Bolzano: “If you are referring to her eating habits, yes, I have noticed her penchant for fine food.”
Jones: “Fine food, crap food, hell, bet she’d eat crickets. Look at her. Shoveling it in with both hands.”
Bolzano: “There she goes for another serving, reaching in deep. Is that her fourth or fifth?
Jones: “Lost count.”
Bolzano: “I believe the time has come for me to dredge the bottom for a final dollop of duck and tubers. The oily fowl is nearly finito.”
Jones: “I’d steer clear of Pinky. Might wanna wrestle ya for it.”
From the log of Salvatore Bolzano
Firefighter II
(English translation)
Gorged to the point of exhaustion, we rested by the fires in relative silence. It is never completely quiet in this wild world
. Even when the clan stills its collective tongue, there are always far-off echoes of predator and prey, or nearby croaks of winter toads, crackling of fires, hooting owls, and the flutter of hairy bats hunting the sky for moths. Even should the animals grow silent, tall trees creak in mountain winds and leaves rustle in darkness above.
We drowsed with our own thoughts, enjoyed a surprisingly peaceful interlude until one of the Valley Clan women worked up the nerve to throw an armful of pine boughs upon the fire nearest to a group of unattached New Green Turtle men. Illuminated by flaring light, the winsome widow performed a ritualized mating dance. I imagine Jones would call it a “bird dance,” for that is what it resembled.

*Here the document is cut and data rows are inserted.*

lemma L2s_complete:
  assumes s: "\<And>k. s k \<in> L2s m n"
    and Cauchy: "\<And>e. e > 0 \<Longrightarrow> \<exists>N. \<forall>i j. i \<ge> N \<longrightarrow> j \<ge> N \<longrightarrow> L2Jdist m n (s i) (s j) < e"
  shows "\<exists>l\<in>L2s m n. (\<lambda>k. L2Jdist m n (s k) l) \<longlonglongrightarrow> 0"
proof -
  let ?U = "{1..n}"
  have "\<exists>f. sqint m f \<and> (\<lambda>k. L2sqnorm m (\<lambda>x. rep (s k I) x - f x)) \<longlonglongrightarrow> 0" if I: "I \<in> Pow ?U" for I
  proof (rule L2_Riesz_Fischer)
    show "sqint m (rep (s k I))" for k
      by (rule sqint_rep_L2s[OF s])
    fix e :: real
    assume "e > 0"
    then obtain N where N: "\<And>i j. i \<ge> N \<Longrightarrow> j \<ge> N \<Longrightarrow> L2Jdist m n (s i) (s j) < sqrt e"
      using Cauchy[of "sqrt e"] by auto
    have "L2sqnorm m (\<lambda>x. rep (s i I) x - rep (s j I) x) < e" if "i \<ge> N" "j \<ge> N" for i j
    proof -
      have "sqrt (L2sqnorm m (\<lambda>x. rep (s i I) x - rep (s j I) x)) < sqrt e"
        using sqrt_L2sqnorm_coeff_diff_le_L2Jdist[OF s s I[unfolded Pow_iff]] N[OF that]
        by (rule order.strict_trans1)
      then show ?thesis
        by simp
    qed
    then show "\<exists>N. \<forall>i j. i \<ge> N \<longrightarrow> j \<ge> N \<longrightarrow> L2sqnorm m (\<lambda>x. rep (s i I) x - rep (s j I) x) < e"
      by blast
  qed blast
  then have "\<forall>I\<in>Pow ?U. \<exists>f. sqint m f \<and> (\<lambda>k. L2sqnorm m (\<lambda>x. rep (s k I) x - f x)) \<longlonglongrightarrow> 0"
    by blast
  then obtain f where f: "\<forall>I\<in>Pow ?U. sqint m (f I) \<and> (\<lambda>k. L2sqnorm m (\<lambda>x. rep (s k I) x - f I x)) \<longlonglongrightarrow> 0"
    by (rule bchoice[elim_format]) blast
  define l where "l I = (if I \<subseteq> ?U then L2cls m (f I) else L2zero m I)" for I
  have l: "l \<in> L2s m n"
    using f by (auto simp: L2s_def l_def L2cls_in_L2)
  have "L2sqnorm m (\<lambda>x. rep (s k I) x - rep (l I) x) = L2sqnorm m (\<lambda>x. rep (s k I) x - f I x)"
    if I: "I \<in> Pow ?U" for I k
  proof (rule L2sqnorm_cong)
    have fI: "sqint m (f I)"
      using f I by blast
    show "sqint m (\<lambda>x. rep (s k I) x - rep (l I) x)" "sqint m (\<lambda>x. rep (s k I) x - f I x)"
      using sqint_rep_L2s[OF s] sqint_rep_L2s[OF l] fI by (auto intro!: sqint_diff)
    show "AE x in Rm m. rep (s k I) x - rep (l I) x = rep (s k I) x - f I x"
      using AE_rep_L2cls[OF fI] I by (auto simp: l_def elim: AE_mp)
  qed
  then have "L2Jdist m n (s k) l = sqrt (\<Sum>I\<in>Pow ?U. L2sqnorm m (\<lambda>x. rep (s k I) x - f I x))" for k
    by (simp add: L2Jdist_eq[OF s l])
  moreover have "(\<lambda>k. sqrt (\<Sum>I\<in>Pow ?U. L2sqnorm m (\<lambda>x. rep (s k I) x - f I x))) \<longlonglongrightarrow> sqrt 0"
    using f by (intro tendsto_real_sqrt tendsto_null_sum) auto
  ultimately have "(\<lambda>k. L2Jdist m n (s k) l) \<longlonglongrightarrow> 0"
    by simp
  with l show ?thesis
    by blast
qed

lemma fundamental_symmetry_L2J:
  "fundamental_symmetry (L2s m n) (L2even m n) (L2odd m n) (L2zero m) (L2add m) (L2smul m)
     (L2ip m n) n (L2J m n)"
  unfolding fundamental_symmetry_def L2Jdist_def[symmetric]
proof (intro conjI ballI allI impI)
  fix F
  assume F: "F \<in> L2s m n"
  show "Im (L2ip m n F (L2J m n F)) = 0" "0 \<le> Re (L2ip m n F (L2J m n F))"
    by (simp_all add: L2ip_L2J_self[OF F] sum_nonneg L2sqnorm_nonneg)
  show "L2ip m n F (L2J m n F) = 0 \<Longrightarrow> F = L2zero m"
    using L2ip_L2J_self_eq_0_iff[OF F] by blast
qed (auto simp: L2J_in_L2s L2J_L2add L2J_L2smul L2J_hpart L2J_L2J L2ip_L2J_L2J homogeneous_in_L2s
    cnj_L2ip_L2J intro: L2s_complete)

theorem mainTheorem2:
  fixes m n :: nat
  shows "hilbert_superspace (L2s m n) (L2even m n) (L2odd m n) (L2zero m) (L2add m) (L2smul m)
           (L2ip m n) n
       \<and> fundamental_symmetry (L2s m n) (L2even m n) (L2odd m n) (L2zero m) (L2add m) (L2smul m)
           (L2ip m n) n (L2J m n)"
proof -
  have J: "fundamental_symmetry (L2s m n) (L2even m n) (L2odd m n) (L2zero m) (L2add m) (L2smul m)
      (L2ip m n) n (L2J m n)"
    by (rule fundamental_symmetry_L2J)
  then have "hilbert_superspace (L2s m n) (L2even m n) (L2odd m n) (L2zero m) (L2add m) (L2smul m)
      (L2ip m n) n"
    unfolding hilbert_superspace_def
    using graded_cvs_L2s sesquilinear_L2ip L2ip_homogeneous_parity L2ip_superhermitian by blast
  with J show ?thesis
    by blast
qed

end
text \<open>The names m_b0b1b2 refer to the outputs at site q on the inputs of the parity lemmas
  overlap_even_sites (000), overlap_arc_sites (110, 011, 101) and overlap_odd_sites (111).\<close>
lemma site_contribution_even:
  fixes m000 m110 m011 m101 m111 :: bool
  assumes "even d" and "0 < d" and "q < 3*d"
    and "region d q = 0 \<Longrightarrow> m000 = m011 \<and> m110 = m101 \<and> m101 = m111"
    and "region d q = 1 \<Longrightarrow> m000 = m101 \<and> m110 = m011 \<and> m011 = m111"
    and "region d q = 2 \<Longrightarrow> m000 = m110 \<and> m101 = m011 \<and> m011 = m111"
  shows "even (of_bool (m000 \<and> even_sites d q) + of_bool (m110 \<and> arc_sites d 0 q) +
    of_bool (m011 \<and> arc_sites d 1 q) + of_bool (m101 \<and> arc_sites d 2 q) +
    of_bool (m111 \<and> odd_sites d q) :: nat)"
proof (cases "even q")
  case True
  then have "even_sites d q" "arc_sites d 0 q" "arc_sites d 1 q" "arc_sites d 2 q" "\<not> odd_sites d q"
    using assms(3) by (simp_all add: even_sites_def arc_sites_def odd_sites_def)
  then show ?thesis
    using assms(4-6) region_cases[of d q] by auto
next
  case False
  then have "q \<noteq> d" "q \<noteq> 2*d"
    using assms(1) by auto
  with False assms(3) have arcs: "\<not> even_sites d q" "odd_sites d q" "arc_sites d 0 q \<longleftrightarrow> q < d"
      "arc_sites d 1 q \<longleftrightarrow> d < q \<and> q < 2*d" "arc_sites d 2 q \<longleftrightarrow> 2*d < q"
    by (auto simp: even_sites_def arc_sites_def odd_sites_def intro: odd_pos)
  consider "region d q = 0" "q < d \<or> 2*d < q" | "region d q = 1" "q < 2*d" | "region d q = 2" "d < q"
    using region_cases[of d q] \<open>q \<noteq> d\<close> \<open>q \<noteq> 2*d\<close> by (auto simp: region_def split: if_splits)
  then show ?thesis
    using assms(4-6) arcs \<open>q \<noteq> d\<close> \<open>q \<noteq> 2*d\<close> by cases auto
qed


lemma sum_overlaps_even:
  fixes M :: "bool \<Rightarrow> bool \<Rightarrow> bool \<Rightarrow> bits"
  assumes "even d" and "0 < d"
    and local: "\<And>q b0 b1 b2 b0' b1' b2'. q < 3*d \<Longrightarrow> (region d q = 0 \<Longrightarrow> b0 = b0') \<Longrightarrow>
      (region d q = 1 \<Longrightarrow> b1 = b1') \<Longrightarrow> (region d q = 2 \<Longrightarrow> b2 = b2') \<Longrightarrow>
      M b0 b1 b2 q = M b0' b1' b2' q"
  shows "even (overlap (3*d) (M False False False) (even_sites d) +
    overlap (3*d) (M True True False) (arc_sites d 0) + overlap (3*d) (M False True True) (arc_sites d 1) +
    overlap (3*d) (M True False True) (arc_sites d 2) + overlap (3*d) (M True True True) (odd_sites d))"
proof -
  have "even (of_bool (M False False False q \<and> even_sites d q) + of_bool (M True True False q \<and> arc_sites d 0 q) +
      of_bool (M False True True q \<and> arc_sites d 1 q) + of_bool (M True False True q \<and> arc_sites d 2 q) +
      of_bool (M True True True q \<and> odd_sites d q) :: nat)" if "q < 3*d" for q
    by (rule site_contribution_even[OF assms(1,2) that]; intro conjI; rule local[OF that]; simp)
  then show ?thesis
    unfolding overlap_eq_sum sum.distrib[symmetric] by (auto intro: dvd_sum)
qed

definition hard_inputs :: "(bool \<times> bool \<times> bool) set" where
  "hard_inputs = {(False, False, False), (True, True, False), (False, True, True), (True, False, True),
     (True, True, True)}"

lemma card_hard_inputs: "card hard_inputs = 5"
  by (simp add: hard_inputs_def)

lemma no_run_valid_on_all_hard_inputs:
  assumes "even d" and "0 < d" and "2*T \<le> d"
  shows "\<exists>b0 b1 b2. (b0, b1, b2) \<in> hard_inputs \<and>
    coutput d T init msg upd out (net_input d b0 b1 b2) r \<notin> Lambda d b0 b1 b2"
proof (rule ccontr)
  define M where "M b0 b1 b2 = coutput d T init msg upd out (net_input d b0 b1 b2) r" for b0 b1 b2
  assume "\<not> ?thesis"
  then have valid: "M b0 b1 b2 \<in> Lambda d b0 b1 b2" if "(b0, b1, b2) \<in> hard_inputs" for b0 b1 b2
    using that by (simp add: M_def)
  have "M b0 b1 b2 q = M b0' b1' b2' q"
    if "q < 3*d" "region d q = 0 \<Longrightarrow> b0 = b0'" "region d q = 1 \<Longrightarrow> b1 = b1'" "region d q = 2 \<Longrightarrow> b2 = b2'"
    for q b0 b1 b2 b0' b1' b2'
  proof -
    have "crun d init msg upd (net_input d b0 b1 b2) r T q = crun d init msg upd (net_input d b0' b1' b2') r T q"
      by (rule crun_eq_if_region_inputs_eq[OF assms(2) that(1) assms(3) that(2-4)])
    then show ?thesis by (simp add: M_def coutput_def)
  qed
  then have "even (overlap (3*d) (M False False False) (even_sites d) +
      overlap (3*d) (M True True False) (arc_sites d 0) + overlap (3*d) (M False True True) (arc_sites d 1) +
      overlap (3*d) (M True False True) (arc_sites d 2) + overlap (3*d) (M True True True) (odd_sites d))"
    by (rule sum_overlaps_even[OF assms(1,2)])
  moreover have "even (overlap (3*d) (M False False False) (even_sites d))"
    by (rule overlap_even_sites[OF assms(1,2) valid]) (simp add: hard_inputs_def)
  moreover have "odd (overlap (3*d) (M True True False) (arc_sites d 0))"
    using overlap_arc_sites[OF assms(1,2), of 0] valid by (simp add: hard_inputs_def)
  moreover have "odd (overlap (3*d) (M False True True) (arc_sites d 1))"
    using overlap_arc_sites[OF assms(1,2), of 1] valid by (simp add: hard_inputs_def)
  moreover have "odd (overlap (3*d) (M True False True) (arc_sites d 2))"
    using overlap_arc_sites[OF assms(1,2), of 2] valid by (simp add: hard_inputs_def)
  moreover have "even (overlap (3*d) (M True True True) (odd_sites d))"
    by (rule overlap_odd_sites[OF assms(1,2) valid]) (simp add: hard_inputs_def)
  ultimately show False by simp
qed

lemma (in prob_space) ex_prob_le_if_no_common_point:
  assumes "finite I" and "I \<noteq> {}" and "\<And>i. i \<in> I \<Longrightarrow> E i \<in> events"
    and "\<And>x. x \<in> space M \<Longrightarrow> \<exists>i\<in>I. x \<notin> E i"
  shows "\<exists>i\<in>I. prob (E i) \<le> 1 - 1 / card I"
proof (rule ccontr)
  assume "\<not> ?thesis"
  then have large: "1 - 1 / card I < prob (E i)" if "i \<in> I" for i
    using that by auto
  have "1 = prob (space M)"
    by (simp add: prob_space)
  also have "\<dots> \<le> prob (\<Union>i\<in>I. space M - E i)"
  proof (rule finite_measure_mono)
    show "space M \<subseteq> (\<Union>i\<in>I. space M - E i)"
      using assms(4) by blast
    show "(\<Union>i\<in>I. space M - E i) \<in> events"
      using assms(1,3) by (intro sets.finite_UN sets.Diff sets.top)
  qed
  also have "\<dots> \<le> (\<Sum>i\<in>I. prob (space M - E i))"
    using assms by (intro finite_measure_subadditive_finite) auto
  also have "\<dots> = (\<Sum>i\<in>I. 1 - prob (E i))"
    using assms(3) by (simp add: prob_compl)
  also have "\<dots> < (\<Sum>i\<in>I. 1 / card I)"
  proof (rule sum_strict_mono)
    show "1 - prob (E i) < 1 / card I" if "i \<in> I" for i
      using large[OF that] by linarith
  qed (use assms(1,2) in auto)
  also have "\<dots> = 1"
    using assms(1,2) by simp
  finally show False by simp
qed

lemma classical_success_prob_le:
  assumes "even d" and "0 < d" and "2*T \<le> d" and "prob_space R"
    and "\<And>b0 b1 b2. csuccess_event d T R init msg upd out b0 b1 b2 \<in> sets R"
  shows "\<exists>b0 b1 b2. measure R (csuccess_event d T R init msg upd out b0 b1 b2) \<le> 4 / 5"
proof -
  interpret R: prob_space R by fact
  let ?E = "\<lambda>(b0, b1, b2). csuccess_event d T R init msg upd out b0 b1 b2"
  have "\<exists>b\<in>hard_inputs. R.prob (?E b) \<le> 1 - 1 / card hard_inputs"
  proof (rule R.ex_prob_le_if_no_common_point)
    fix r
    obtain b0 b1 b2 where "(b0, b1, b2) \<in> hard_inputs"
      and "coutput d T init msg upd out (net_input d b0 b1 b2) r \<notin> Lambda d b0 b1 b2"
      using no_run_valid_on_all_hard_inputs[OF assms(1-3), where init = init and msg = msg
          and upd = upd and out = out and r = r] by blast
    then show "\<exists>b\<in>hard_inputs. r \<notin> ?E b"
      by (intro bexI[of _ "(b0, b1, b2)"]) (auto simp: csuccess_event_def)
  qed (use assms(5) in \<open>auto simp: hard_inputs_def\<close>)
  then show ?thesis
    by (auto simp: card_hard_inputs)
qed

section \<open>The two-round quantum algorithm\<close>

text \<open>Qubits j and 3d + j (its copy) start at v_j, qubit 6d + i starts at w_i. After the first
  local step the copy 3d + j travels to v_(j-1) and qubit 6d + i to v_(di); after the second step
  the copies return home.\<close>
definition alg_home :: "nat \<Rightarrow> nat \<Rightarrow> nat" where
  "alg_home d q = (if q < 3*d then q else if q < 6*d then q - 3*d else 3*d + (q - 6*d))"

definition alg_moves :: "nat \<Rightarrow> nat \<Rightarrow> nat \<Rightarrow> nat" where
  "alg_moves d t q =
     (if q < 3*d then q
      else if q < 6*d then (if t = 0 then cyc_prev (3*d) (q - 3*d) else q - 3*d)
      else d * (q - 6*d))"

abbreviation alg_held :: "nat \<Rightarrow> nat \<Rightarrow> nat \<Rightarrow> nat set" where
  "alg_held d t v \<equiv> held (6*d + 3) (alg_home d) (alg_moves d) t v"

definition cnot_bits :: "nat \<Rightarrow> nat \<Rightarrow> bits \<Rightarrow> bits" where
  "cnot_bits c t a = a(t := (a t \<noteq> a c))"

definition flip_bit :: "nat \<Rightarrow> bits \<Rightarrow> bits" where
  "flip_bit k a = a(k := \<not> a k)"

text \<open>The phase applied by v_v in step 1, when it holds the copy of qubit v + 1 and, if v = di,
  the input qubit of w_i: the CZ of the edge {v, v + 1} and the S gate controlled by the input.\<close>
definition step1_phase :: "nat \<Rightarrow> nat \<Rightarrow> bits \<Rightarrow> complex" where
  "step1_phase d v a = phase_Z (a v \<and> a (3*d + cyc_next (3*d) v)) *
     phase_S (v = 0 \<and> a (6*d) \<and> a v) * phase_S (v = d \<and> a (6*d + 1) \<and> a v) *
     phase_S (v = 2*d \<and> a (6*d + 2) \<and> a v)"

definition alg_unitary :: "nat \<Rightarrow> nat \<Rightarrow> nat \<Rightarrow> bool \<Rightarrow> qop" where
  "alg_unitary d t v b =
    (if t = 0 then
       (if v < 3*d then qop_comp (alg_held d 0 v) (perm_op (cnot_bits v (3*d + v))) (hadamard_op (alg_held d 0 v) v)
        else if v < 3*d + 3 \<and> b then perm_op (flip_bit (6*d + (v - 3*d))) else id_op)
     else if t = 1 then (if v < 3*d then diag_op (step1_phase d v) else id_op)
     else (if v < 3*d then qop_comp (alg_held d 2 v) (hadamard_op (alg_held d 2 v) v) (hadamard_op (alg_held d 2 v) (3*d + v))
           else id_op))"

definition alg_out :: "nat \<Rightarrow> nat \<Rightarrow> bits \<Rightarrow> bool" where
  "alg_out d j a \<longleftrightarrow> a j \<noteq> a (3*d + j)"

lemma qloc_alg:
  "qloc (alg_home d) (alg_moves d) 0 q = alg_home d q"
  "qloc (alg_home d) (alg_moves d) (Suc t) q = alg_moves d t q"
  by (simp_all add: qloc_def)

lemma finite_held: "finite (held N home mv t v)"
  by (rule finite_subset[of _ "{..<N}"]) (auto simp: held_def)

lemma alg_held_0:
  assumes "v < 3*d"
  shows "v \<in> alg_held d 0 v" "3*d + v \<in> alg_held d 0 v"
  using assms by (auto simp: held_def qloc_alg alg_home_def)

Dressed in tanned leather cape and goatskin shift decorated with snail shells and wooden beads, the woman kept her eyes downcast as she scratched at the ground with her bare feet. Flapping her arms slowly like a rutting quail, she made three full circuits of the fire. As a finale, just before returning to her seat and giving way to the next dancer, she lifted her green eyes to give the boys a clear view of her freckled face.
Fralista was the only female member of the Valley Clan not to do the dance. It is no secret that she and Jones have become an “item.” Once the fifth woman had finished, Babeck threw his own armful of combustibles into the fire. From the center of the camp’s outdoor eating area, in guttural trade dialect, the burly man apologized to Karloon and also to Tomon. Dipping his head, slapping one hand down upon the other, he made a show of paying his respect to both men.
“Clan leader Tomon and wife Gertilkgs, to honor your new baby boy, I will perform a dance from my former clan,” he proclaimed. “This dance drives away evil traits like fear and poor vision.”